### About this task
In the entries that follow, find the word "bool" and report each line it is on.

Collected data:
((

(* Let $A\in\mathbb{R}^{m\times n}$ with $m\ge n$ and $\operatorname{rank}(A)=n$, let $G\in\mathbb{R}^{n\times n}$ be symmetric positive definite, let $1\le l\le n$, and let $\Omega\in\mathbb{R}^{m\times l}$ have i.i.d. $N(0,1)$ entries. Define $$\widehat T:=I_n-G^{1/2}A^T\Omega(\Omega^TAGA^T\Omega)^{-1}\Omega^TAG^{1/2}$$ (well-defined almost surely). Then $\widehat T$ is an orthogonal projector almost surely and $$\mathbb{E}[\widehat T]\preceq I_n-\frac{G^{1/2}A^TAG^{1/2}}{m\,\lambda_{\max}(AGA^T)}\prec I_n .$$
   Context: $\preceq$, $\prec$ denote the Loewner order (positive semidefinite, resp. positive definite, difference). $\lambda_{\max}$ is the largest eigenvalue. *)

theory Defs
  imports "HOL-Analysis.Analysis" "HOL-Probability.Probability"
begin

definition sym_mat :: "real^'n^'n \<Rightarrow> bool" where
  "sym_mat M \<longleftrightarrow> transpose M = M"

definition psd_mat :: "real^'n^'n \<Rightarrow> bool" where
  "psd_mat M \<longleftrightarrow> sym_mat M \<and> (\<forall>x. 0 \<le> x \<bullet> (M *v x))"

definition pd_mat :: "real^'n^'n \<Rightarrow> bool" where
  "pd_mat M \<longleftrightarrow> sym_mat M \<and> (\<forall>x. x \<noteq> 0 \<longrightarrow> 0 < x \<bullet> (M *v x))"

definition loewner_le :: "real^'n^'n \<Rightarrow> real^'n^'n \<Rightarrow> bool" where
  "loewner_le A B \<longleftrightarrow> psd_mat (B - A)"

definition loewner_less :: "real^'n^'n \<Rightarrow> real^'n^'n \<Rightarrow> bool" where
  "loewner_less A B \<longleftrightarrow> pd_mat (B - A)"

))

### Finished exercise
definition sym_mat :: "real^'n^'n \<Rightarrow> bool" where
definition psd_mat :: "real^'n^'n \<Rightarrow> bool" where
definition pd_mat :: "real^'n^'n \<Rightarrow> bool" where
definition loewner_le :: "real^'n^'n \<Rightarrow> real^'n^'n \<Rightarrow> bool" where
definition loewner_less :: "real^'n^'n \<Rightarrow> real^'n^'n \<Rightarrow> bool" where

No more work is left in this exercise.